*Aim of the task*
Print nothing but the lines below starting at the line that holds "by (simp add: cadjoint_def vec_eq_iff)" and ending at the line that holds "by (auto simp: cadjoint_def", including both, each exactly as written.
**** Input data ****
(* Let $\mathcal{H}_X$, $\mathcal{H}_R$ be finite-dimensional Hilbert spaces, $U$ and $V_S$ unitaries on $\mathcal{H}_X$, and $S_{\mathrm{in}}=\{|\psi_1\rangle,\dots,|\psi_t\rangle\}$ a finite set of unit vectors in $\mathcal{H}_X\otimes\mathcal{H}_R$ such that $|\langle\psi_j|(U^\dagger V_S\otimes I)|\psi_j\rangle|=1$ for all $j$ (perfect training). If $S_{\mathrm{in}}$ is orthogonal partitioning resistant, then there exists $\theta\in(-\pi,\pi]$ such that $\langle\psi_j|(U^\dagger V_S\otimes I)|\psi_j\rangle=e^{i\theta}$ for all $|\psi_j\rangle\in S_{\mathrm{in}}$.
   Context: A set $S_{\mathrm{in}}$ of vectors is orthogonal partitioning resistant (OPR) iff for every partition $S_{\mathrm{in}}=A\cup B$ with $A\cap B=\emptyset$ one has $A\not\subseteq\mathrm{span}(B)^\perp$ (equivalently $B\not\subseteq\mathrm{span}(A)^\perp$). *)

theory Defs
  imports "HOL-Analysis.Analysis"
begin

text \<open>Finite-dimensional complex Hilbert spaces are modelled as complex^'n for a
finite index type 'n; H_X \<otimes> H_R is complex^('x \<times> 'r).\<close>

definition cinner :: "complex^'n \<Rightarrow> complex^'n \<Rightarrow> complex" where
  "cinner x y = (\<Sum>i\<in>UNIV. cnj (x $ i) * y $ i)"

definition cadjoint :: "complex^'n^'m \<Rightarrow> complex^'m^'n" where
  "cadjoint A = (\<chi> i j. cnj (A $ j $ i))"

definition unitary :: "complex^'n^'n \<Rightarrow> bool" where
  "unitary U \<longleftrightarrow> cadjoint U ** U = mat 1 \<and> U ** cadjoint U = mat 1"

definition tensor_id :: "complex^'x::finite^'x \<Rightarrow> complex^('x \<times> 'r::finite)^('x \<times> 'r)" where
  "tensor_id A = (\<chi> p q. if snd p = snd q then A $ fst p $ fst q else 0)"

definition cspan :: "(complex^'n) set \<Rightarrow> (complex^'n) set" where
  "cspan B = {x. \<exists>F c. finite F \<and> F \<subseteq> B \<and> x = (\<Sum>b\<in>F. c b *s b)}"

definition orth_compl :: "(complex^'n) set \<Rightarrow> (complex^'n) set" where
  "orth_compl V = {x. \<forall>y\<in>V. cinner y x = 0}"

text \<open>Orthogonal partitioning resistance; partitions are into two nonempty parts
(for a trivial partition with an empty part the condition fails vacuously).\<close>
definition OPR :: "(complex^'n) set \<Rightarrow> bool" where
  "OPR S \<longleftrightarrow> (\<forall>A B. A \<union> B = S \<and> A \<inter> B = {} \<and> A \<noteq> {} \<and> B \<noteq> {} \<longrightarrow>
      \<not> A \<subseteq> orth_compl (cspan B))"

end

theory Submission
  imports Defs
begin

text \<open>Perfect training forces equality in the Cauchy-Schwarz inequality
\<open>|\<langle>\<psi>|W\<psi>\<rangle>| \<le> \<parallel>\<psi>\<parallel> \<parallel>W\<psi>\<parallel>\<close> for the unitary \<open>W = U\<^sup>\<dagger>V\<^sub>S \<otimes> I\<close>, so every
\<open>\<psi> \<in> S\<^sub>i\<^sub>n\<close> is an eigenvector of \<open>W\<close> with eigenvalue \<open>\<langle>\<psi>|W\<psi>\<rangle>\<close>.
Eigenvectors of a unitary for distinct eigenvalues are orthogonal, so splitting
\<open>S\<^sub>i\<^sub>n\<close> into the vectors sharing one eigenvalue and the rest is an orthogonal
partition; orthogonal partitioning resistance rules it out, hence all
eigenvalues coincide.\<close>

lemma cinner_commute: "cinner y x = cnj (cinner x y)"
  by (simp add: cinner_def mult.commute)

lemma cinner_diff_left: "cinner (x - y) z = cinner x z - cinner y z"
  by (simp add: cinner_def left_diff_distrib sum_subtractf)

lemma cinner_diff_right: "cinner x (y - z) = cinner x y - cinner x z"
  by (simp add: cinner_def right_diff_distrib sum_subtractf)

lemma cinner_scale_left: "cinner (c *s x) y = cnj c * cinner x y"
  by (simp add: cinner_def sum_distrib_left mult.assoc)

lemma cinner_scale_right: "cinner x (c *s y) = c * cinner x y"
  by (simp add: cinner_def sum_distrib_left mult.left_commute)

lemma cinner_sum_left: "cinner (\<Sum>b\<in>F. c b *s b) x = (\<Sum>b\<in>F. cnj (c b) * cinner b x)"
  by (simp add: cinner_def sum_component cnj_sum sum_distrib_right sum_distrib_left
      mult.assoc sum.swap[of _ F])

lemma cinner_self_eq_0_iff: "cinner x x = 0 \<longleftrightarrow> x = 0"
proof
  assume "cinner x x = 0"
  moreover have "cinner x x = of_real (\<Sum>i\<in>UNIV. (cmod (x $ i))\<^sup>2)"
    unfolding cinner_def of_real_sum complex_norm_square by (simp add: mult.commute)
  ultimately have "(\<Sum>i\<in>UNIV. (cmod (x $ i))\<^sup>2) = 0"
    by (metis of_real_eq_0_iff)
  then show "x = 0"
    by (simp add: sum_nonneg_eq_0_iff vec_eq_iff)
qed (simp add: cinner_def)

lemma cinner_cadjoint: "cinner (A *v x) y = cinner x (cadjoint A *v y)"
  by (simp add: cinner_def cadjoint_def matrix_vector_mult_def cnj_sum sum_distrib_right
      sum_distrib_left sum.swap[of _ "UNIV::'a set"] mult.assoc mult.left_commute)

lemma cadjoint_cadjoint: "cadjoint (cadjoint A) = A"
  by (simp add: cadjoint_def vec_eq_iff)

lemma cadjoint_mult: "cadjoint (A ** B) = cadjoint B ** cadjoint A"
  by (simp add: cadjoint_def matrix_matrix_mult_def vec_eq_iff cnj_sum mult.commute)

lemma cadjoint_tensor_id:
  "cadjoint (tensor_id A) = (tensor_id (cadjoint A) :: complex^('x::finite \<times> 'r::finite)^('x \<times> 'r))"
  by (auto simp: cadjoint_def tensor_id_def vec_eq_iff)

lemma tensor_id_mat_1: "tensor_id (mat 1) = (mat 1 :: complex^('x::finite \<times> 'r::finite)^('x \<times> 'r))"
  by (auto simp: mat_def tensor_id_def vec_eq_iff prod_eq_iff)

lemma sum_UNIV_prod_if_snd:
  fixes f :: "'x::finite \<Rightarrow> 'a::comm_monoid_add"
  shows "(\<Sum>k\<in>(UNIV::('x \<times> 'r::finite) set). if snd k = r then f (fst k) else 0) = sum f UNIV"
  by (simp add: UNIV_Times_UNIV[symmetric] sum.cartesian_product' if_distrib sum.delta'
      del: UNIV_Times_UNIV)

lemma tensor_id_mult:
  "tensor_id A ** tensor_id B = (tensor_id (A ** B) :: complex^('x::finite \<times> 'r::finite)^('x \<times> 'r))"
proof -
  have "(\<Sum>k\<in>UNIV. (if snd p = snd k then A $ fst p $ fst k else 0) *
                   (if snd k = snd q then B $ fst k $ fst q else 0))
      = (if snd p = snd q then (A ** B) $ fst p $ fst q else 0)"
    for p q :: "'x \<times> 'r"
  proof -
    have "(\<Sum>k\<in>UNIV. (if snd p = snd k then A $ fst p $ fst k else 0) *
                     (if snd k = snd q then B $ fst k $ fst q else 0))
        = (\<Sum>k\<in>UNIV. if snd k = snd p
                     then (if snd p = snd q then A $ fst p $ fst k * B $ fst k $ fst q else 0)
                     else 0)"
      by (intro sum.cong) auto
    also have "\<dots> = (\<Sum>x\<in>UNIV. if snd p = snd q then A $ fst p $ x * B $ x $ fst q else 0)"
      by (rule sum_UNIV_prod_if_snd)
    finally show ?thesis
      by (simp add: matrix_matrix_mult_def)
  qed
  then show ?thesis
    by (simp add: tensor_id_def matrix_matrix_mult_def vec_eq_iff del: split_paired_All)
qed

lemma unitary_cadjoint: "unitary U \<Longrightarrow> unitary (cadjoint U)"
  by (simp add: unitary_def cadjoint_cadjoint)

lemma unitary_mult:
  assumes "unitary U" and "unitary V"
  shows "unitary (U ** V)"
proof -
  have "cadjoint (U ** V) ** (U ** V) = cadjoint V ** (cadjoint U ** U) ** V"
    and "(U ** V) ** cadjoint (U ** V) = U ** (V ** cadjoint V) ** cadjoint U"
    by (simp_all add: cadjoint_mult matrix_mul_assoc)
  with assms show ?thesis
    by (simp add: unitary_def)
qed

lemma unitary_tensor_id:
  "unitary U \<Longrightarrow> unitary (tensor_id U :: complex^('x::finite \<times> 'r::finite)^('x \<times> 'r))"
  by (simp add: unitary_def cadjoint_tensor_id tensor_id_mult tensor_id_mat_1)

lemma unitary_cinner:
  assumes "unitary W"
  shows "cinner (W *v x) (W *v y) = cinner x y"
  using assms by (simp add: unitary_def cinner_cadjoint matrix_vector_mul_assoc)

lemma unitary_eigenvector_if_cmod_cinner_eq_1:
  assumes "unitary W" and "cinner \<psi> \<psi> = 1" and "cmod (cinner \<psi> (W *v \<psi>)) = 1"
  shows "W *v \<psi> = cinner \<psi> (W *v \<psi>) *s \<psi>"
proof -
  define c where "c = cinner \<psi> (W *v \<psi>)"
  have "c * cnj c = of_real ((cmod c)\<^sup>2)"
    by (rule complex_norm_square[symmetric])
  then have c_unimodular: "c * cnj c = 1"
    using assms(3) by (simp add: c_def)
  have "cinner (W *v \<psi>) \<psi> = cnj c"
    by (simp add: c_def cinner_commute[of _ \<psi>])
  moreover have "cinner (W *v \<psi>) (W *v \<psi>) = 1"
    using assms(1,2) by (simp add: unitary_cinner)
  ultimately have "cinner (W *v \<psi> - c *s \<psi>) (W *v \<psi> - c *s \<psi>) = 1 - c * cnj c"
    using assms(2)
    by (simp add: cinner_diff_left cinner_diff_right cinner_scale_left cinner_scale_right
        c_def[symmetric] algebra_simps)
  then have "W *v \<psi> - c *s \<psi> = 0"
    by (simp add: c_unimodular cinner_self_eq_0_iff)
  then show ?thesis
    by (simp add: c_def)
qed

lemma unitary_eigenvectors_orthogonal:
  assumes "unitary W" and "W *v a = \<alpha> *s a" and "W *v b = \<beta> *s b"
    and "cmod \<alpha> = 1" and "\<alpha> \<noteq> \<beta>"
  shows "cinner a b = 0"
proof (rule ccontr)
  assume "cinner a b \<noteq> 0"
  moreover have "cinner a b = cnj \<alpha> * \<beta> * cinner a b"
    using unitary_cinner[OF assms(1), of a b] assms(2,3)
    by (simp add: cinner_scale_left cinner_scale_right mult_ac)
  ultimately have "cnj \<alpha> * \<beta> = 1"
    by (metis mult_cancel_right1)
  then have "\<alpha> * cnj \<alpha> * \<beta> = \<alpha>"
    by (simp add: mult.assoc)
  moreover have "\<alpha> * cnj \<alpha> = 1"
    using assms(4) by (simp add: complex_norm_square[symmetric])
  ultimately show False
    using assms(5) by simp
qed

lemma subset_orth_compl_cspanI:
  assumes "\<forall>a\<in>A. \<forall>b\<in>B. cinner b a = 0"
  shows "A \<subseteq> orth_compl (cspan B)"
proof (clarsimp simp: orth_compl_def cspan_def)
  fix a F c
  assume "a \<in> A" and "F \<subseteq> B"
  then have "\<forall>b\<in>F. cinner b a = 0"
    using assms by blast
  then show "cinner (\<Sum>b\<in>F. c b *s b) a = 0"
    by (simp add: cinner_sum_left)
qed

lemma OPR_const_if_orthogonal_classes:
  assumes "OPR S"
    and orth: "\<forall>a\<in>S. \<forall>b\<in>S. f a \<noteq> f b \<longrightarrow> cinner b a = 0"
    and "a \<in> S" and "b \<in> S"
  shows "f a = f b"
proof (rule ccontr)
  assume "f a \<noteq> f b"
  define A where "A = {x\<in>S. f x = f a}"
  have "A \<union> (S - A) = S" "A \<inter> (S - A) = {}" "A \<noteq> {}" "S - A \<noteq> {}"
    using \<open>a \<in> S\<close> \<open>b \<in> S\<close> \<open>f a \<noteq> f b\<close> by (auto simp: A_def)
  moreover have "\<forall>x\<in>A. \<forall>y\<in>S - A. cinner y x = 0"
  proof (intro ballI)
    fix x y
    assume "x \<in> A" and "y \<in> S - A"
    then have "x \<in> S" and "y \<in> S" and "f x \<noteq> f y"
      by (auto simp: A_def)
    with orth show "cinner y x = 0"
      by blast
  qed
  then have "A \<subseteq> orth_compl (cspan (S - A))"
    by (rule subset_orth_compl_cspanI)
  ultimately show False
    using \<open>OPR S\<close> unfolding OPR_def by blast
qed

lemma cmod_eq_1_imp_exp_Arg:
  assumes "cmod z = 1"
  shows "z = exp (\<i> * of_real (Arg z))"
proof -
  have "z = rcis (cmod z) (Arg z)"
    by (rule rcis_cmod_Arg[symmetric])
  then show ?thesis
    using assms by (simp add: rcis_def cis_conv_exp)
qed

theorem lemma4:
  fixes U VS :: "complex^'x::finite^'x"
    and S :: "(complex^('x \<times> 'r::finite)) set"
  assumes "unitary U" and "unitary VS"
    and "finite S"
    and "\<forall>\<psi>\<in>S. cinner \<psi> \<psi> = 1"
    and "\<forall>\<psi>\<in>S. cmod (cinner \<psi> (tensor_id (cadjoint U ** VS) *v \<psi>)) = 1"
    and "OPR S"
  shows "\<exists>\<theta>\<in>{-pi<..pi}. \<forall>\<psi>\<in>S. cinner \<psi> (tensor_id (cadjoint U ** VS) *v \<psi>) = exp (\<i> * of_real \<theta>)"
proof -
  define W :: "complex^('x \<times> 'r)^('x \<times> 'r)" where "W = tensor_id (cadjoint U ** VS)"
  define l where "l \<psi> = cinner \<psi> (W *v \<psi>)" for \<psi>
  have W: "unitary W"
    using assms(1,2) by (simp add: W_def unitary_tensor_id unitary_mult unitary_cadjoint)
  have unimodular: "cmod (l \<psi>) = 1" if "\<psi> \<in> S" for \<psi>
    using assms(5) that by (simp add: l_def W_def)
  have eigen: "W *v \<psi> = l \<psi> *s \<psi>" if "\<psi> \<in> S" for \<psi>
    using unitary_eigenvector_if_cmod_cinner_eq_1[OF W] assms(4,5) that
    by (simp add: l_def W_def)
  have "cinner b a = 0" if "a \<in> S" "b \<in> S" "l a \<noteq> l b" for a b
    using that by (intro unitary_eigenvectors_orthogonal[OF W eigen eigen unimodular]) auto
  then have same_eigenvalue: "l a = l b" if "a \<in> S" "b \<in> S" for a b
    using OPR_const_if_orthogonal_classes[OF assms(6)] that by blast
  obtain z where "cmod z = 1" and "\<forall>\<psi>\<in>S. l \<psi> = z"
  proof (cases "S = {}")
    case False
    then obtain \<psi>\<^sub>0 where "\<psi>\<^sub>0 \<in> S"
      by blast
    then show ?thesis
      using that[of "l \<psi>\<^sub>0"] same_eigenvalue unimodular by blast
  qed (use that[of 1] in simp)
  then show ?thesis
    using Arg_bounded[of z] cmod_eq_1_imp_exp_Arg
    by (intro bexI[of _ "Arg z"]) (auto simp: l_def W_def)
qed

end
****
*Solved problem*
  by (simp add: cadjoint_def vec_eq_iff)

lemma cadjoint_mult: "cadjoint (A ** B) = cadjoint B ** cadjoint A"
  by (simp add: cadjoint_def matrix_matrix_mult_def vec_eq_iff cnj_sum mult.commute)

lemma cadjoint_tensor_id:
  "cadjoint (tensor_id A) = (tensor_id (cadjoint A) :: complex^('x::finite \<times> 'r::finite)^('x \<times> 'r))"
  by (auto simp: cadjoint_def tensor_id_def vec_eq_iff)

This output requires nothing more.